Writing more flexible batch scripts, that are able to run on both kinds of CPU, requires avoidance of sbatch options that prescribe the number of tasks per entity, ie. you should NOT use a prescribed number of nodes or one of the following options:

  • --ntasks-per-core=<ntasks>

  • --ntasks-per-socket=<ntasks>

  • --ntasks-per-node=<ntasks>

  • --tasks-per-node=<n>

Instead, please define the total number of tasks that your MPI parallel program will be using for srun by specifying the option --ntasks=<number> (-n <number>) in combination with the number of logical cpus needed per task, e.g. --cpus-per-task=2 (-c 2) for a pure MPI parallel program not using HyperThreading.

The following batch script will run an MPI job without HyperThreading either in the compute or compute2 partition - only depending on the #SBATCH --partition choice.

#SBATCH --job-name=my_job
#SBATCH --partition=compute # or compute2 for BDW nodes
#SBATCH --ntasks=72
#SBATCH --cpus-per-task=2
#SBATCH --time=00:30:00
#SBATCH --mail-type=FAIL
#SBATCH --account=xz0123
#SBATCH --output=my_job.o%j
#SBATCH --error=my_job.e%j

srun -l --propagate=STACK --cpu_bind=cores ./myprog

When submitted to the compute partition, the job will run on 3 nodes with 24 tasks per node. While in the compute2 partition the same job only takes 2 nodes with 36 tasks per node.

Writing job scripts eligible to run on several partitions

The --partition option also allows for a comma separate list of names. In this case the job will run completely on the partition offering earliest initiation with no regard given to the partition name ordering - i.e. nodes will not be mixed between the partitions! Be aware that the total number of tasks should be a multiple of both, 24 and 36, in order to fully populate all nodes. Otherwise, some nodes might be underpopulated. The example above might therefore be modified to use

#SBATCH --job-name=my_job
#SBATCH --partition=compute, compute2
#SBATCH --ntasks=72
#SBATCH --cpus-per-task=2
#SBATCH --mem=0

which in general will decrease the waiting time of the job in the submit queue since more nodes are suitable to schedule the job on.

Attention: there are a few facts one needs to be aware of when using job script that are eligible for more than one partition.

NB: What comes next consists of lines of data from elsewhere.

(* For every integer $p\ge1$ and every $s\in\mathbb{C}^k$, $$\nabla A(s)^p-A(s)^p\nabla+pA(s)^{p-1}=(-1)^{k-1}\partial_{s_k}\big(A(s)^p\big)\,P'_s(A(s)).$$
   Context: Fix an integer $k\ge 2$, coordinates $s=(s_1,\dots,s_k)$ on $\mathbb{C}^k$, $s_0:=1$, $P_s(z):=\sum_{h=0}^k(-1)^hs_hz^{k-h}$. $A(s)$ is the $(k,k)$ companion matrix with $A_{i,i+1}=1$ for $i\in[1,k-1]$, last row $A_{k,j}=(-1)^{k-j}s_{k+1-j}$ for $j\in[1,k]$, all other entries $0$. $P'_s(A(s)):=\sum_{h=0}^{k-1}(-1)^h(k-h)s_hA(s)^{k-h-1}$. $\nabla$ is the constant $(k,k)$ matrix with $\nabla_{i+1,i}=i$ for $i\in[1,k-1]$ and all other entries $0$. *)

theory Defs
  imports "HOL-Analysis.Analysis" "Jordan_Normal_Form.Matrix"
begin

(* Matrices are 0-indexed in Jordan_Normal_Form: entry (i,j) here is entry (i+1,j+1) of the paper.
   Coordinates s_1..s_k are s 1 .. s k of a function s :: nat => complex; s_0 := 1. *)

definition scoord :: "(nat \<Rightarrow> complex) \<Rightarrow> nat \<Rightarrow> complex" where
  "scoord s h = (if h = 0 then 1 else s h)"

definition companion :: "nat \<Rightarrow> (nat \<Rightarrow> complex) \<Rightarrow> complex mat" where
  "companion k s = mat k k (\<lambda>(i,j).
     if i = k - 1 then (-1) ^ (k - 1 - j) * s (k - j)
     else if j = i + 1 then 1 else 0)"

definition nabla :: "nat \<Rightarrow> complex mat" where
  "nabla k = mat k k (\<lambda>(i,j). if i = j + 1 then of_nat (j + 1) else 0)"

definition Pderiv_at_A :: "nat \<Rightarrow> (nat \<Rightarrow> complex) \<Rightarrow> complex mat" where
  "Pderiv_at_A k s = mat k k (\<lambda>(i,j).
     \<Sum>h<k. (-1) ^ h * of_nat (k - h) * scoord s h * (companion k s ^\<^sub>m (k - h - 1)) $$ (i,j))"

definition dsk_pow :: "nat \<Rightarrow> nat \<Rightarrow> (nat \<Rightarrow> complex) \<Rightarrow> complex mat" where
  "dsk_pow k p s = mat k k (\<lambda>(i,j).
     deriv (\<lambda>t. (companion k (s(k := t)) ^\<^sub>m p) $$ (i,j)) (s k))"

end

theory Submission
  imports Defs
begin

text \<open>
  Write \<open>A = A(s)\<close>, \<open>N = \<nabla>\<close> and \<open>E = \<partial>A/\<partial>s\<^sub>k\<close>, whose only nonzero entry is
  \<open>(-1)^(k-1)\<close> at \<open>(k,1)\<close>. Left multiplication by \<open>E\<close> moves the first row to the last one,
  so for \<open>p = 1\<close> the identity says that \<open>N A - A N + I\<close> vanishes outside its last row and that
  this row is the first row of \<open>P'\<^sub>s(A)\<close>; both are direct computations, using that the first
  row of \<open>A^m\<close> is \<open>e\<^sub>m\<^sub>+\<^sub>1\<close> for \<open>m < k\<close>. The general case follows by induction on \<open>p\<close>,
  since \<open>X \<mapsto> N X - X N\<close> is a derivation, \<open>\<partial>(A^(p+1)) = \<partial>(A^p) A + A^p E\<close> by the product
  rule, and \<open>P'\<^sub>s(A)\<close> commutes with \<open>A\<close>.
\<close>

lemma mult_pow_mat_commute:
  fixes A B :: "'a::semiring_1 mat"
  assumes A: "A \<in> carrier_mat n n" and B: "B \<in> carrier_mat n n" and AB: "A * B = B * A"
  shows "A * B ^\<^sub>m m = B ^\<^sub>m m * A"
proof (induction m)
  case 0
  show ?case using A B by simp
next
  case (Suc m)
  have "A * B ^\<^sub>m Suc m = (A * B ^\<^sub>m m) * B"
    using assoc_mult_mat[OF A pow_carrier_mat[OF B] B] by simp
  also have "\<dots> = B ^\<^sub>m m * (A * B)"
    using assoc_mult_mat[OF pow_carrier_mat[OF B] A B] by (simp add: Suc)
  also have "\<dots> = B ^\<^sub>m Suc m * A"
    using assoc_mult_mat[OF pow_carrier_mat[OF B] B A] by (simp add: AB)
  finally show ?case .
qed

lemma mult_lincomb_mat_commute:
  fixes A :: "'a::comm_semiring_1 mat"
  assumes A: "A \<in> carrier_mat n n" and B: "\<And>h. h \<in> H \<Longrightarrow> B h \<in> carrier_mat n n"
    and comm: "\<And>h. h \<in> H \<Longrightarrow> A * B h = B h * A"
  shows "A * mat n n (\<lambda>(i,j). \<Sum>h\<in>H. c h * B h $$ (i,j))
       = mat n n (\<lambda>(i,j). \<Sum>h\<in>H. c h * B h $$ (i,j)) * A"
    (is "A * ?M = ?M * A")
proof (rule eq_matI)
  fix i j assume "i < dim_row (?M * A)" "j < dim_col (?M * A)"
  then have i: "i < n" and j: "j < n" using A by auto
  have prod: "(X * Y) $$ (i,j) = (\<Sum>l<n. X $$ (i,l) * Y $$ (l,j))"
    if "X \<in> carrier_mat n n" "Y \<in> carrier_mat n n" for X Y :: "'a mat"
    using that i j by (simp add: scalar_prod_def atLeast0LessThan)
  have "(A * ?M) $$ (i,j) = (\<Sum>l<n. A $$ (i,l) * (\<Sum>h\<in>H. c h * B h $$ (l,j)))"
    using A j by (auto simp: prod intro!: sum.cong)
  also have "\<dots> = (\<Sum>h\<in>H. c h * (\<Sum>l<n. A $$ (i,l) * B h $$ (l,j)))"
    by (simp add: sum_distrib_left mult_ac sum.swap[of _ H])
  also have "\<dots> = (\<Sum>h\<in>H. c h * (\<Sum>l<n. B h $$ (i,l) * A $$ (l,j)))"
    using A B by (intro sum.cong) (simp_all flip: prod add: comm)
  also have "\<dots> = (\<Sum>l<n. (\<Sum>h\<in>H. c h * B h $$ (i,l)) * A $$ (l,j))"
    by (simp add: sum_distrib_left sum_distrib_right mult_ac sum.swap[of _ H])
  also have "\<dots> = (?M * A) $$ (i,j)"
    using A i by (auto simp: prod intro!: sum.cong)
  finally show "(A * ?M) $$ (i,j) = (?M * A) $$ (i,j)" .
qed (use A in auto)

text \<open>The derivative of \<open>X \<mapsto> X ^ p\<close> at \<open>A\<close> along \<open>E\<close>, that is
  \<open>\<Sum>i<p. A ^ i * E * A ^ (p - 1 - i)\<close>, in the recursive form given by the product rule.\<close>

fun pow_mat_deriv :: "nat \<Rightarrow> 'a::semiring_1 mat \<Rightarrow> 'a mat \<Rightarrow> nat \<Rightarrow> 'a mat" where
  "pow_mat_deriv n A E 0 = 0\<^sub>m n n"
| "pow_mat_deriv n A E (Suc p) = pow_mat_deriv n A E p * A + A ^\<^sub>m p * E"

  • compute2 partition (Broadwell nodes) shows a slightly lesser performance due to the lower CPU-frequency compared to compute partition (Haswell nodes). Runtime limits for the job should therefore be modified.

  • The number of --cpus-per-task needs to be specified explicitely to enable or disable the usage of Intel HyperThreading. By default --cpu-per-task=1 will be choosen to allow for HyperThreading. Since your code might not benefit of this setting, you should switch to --cpu-per-task=2 instead. For details on Intel® Hyper-Threading please refer to this site.

  • The memory resources should be specified with care! The compute and compute2 partitions are equipped with different nodes (24 vs. 36 cores and memory ranging from 64 to 256 GB) which results in very different values for the --mem-per-cpu option, which is computed automatically by SLURM if not specified explicitely. This calculation might be wrong in case that two partitions are specified! Therefore, one should always use the option --mem=0 such that the job has access to the full memory on each node, independend of the partition that is finally used for the job.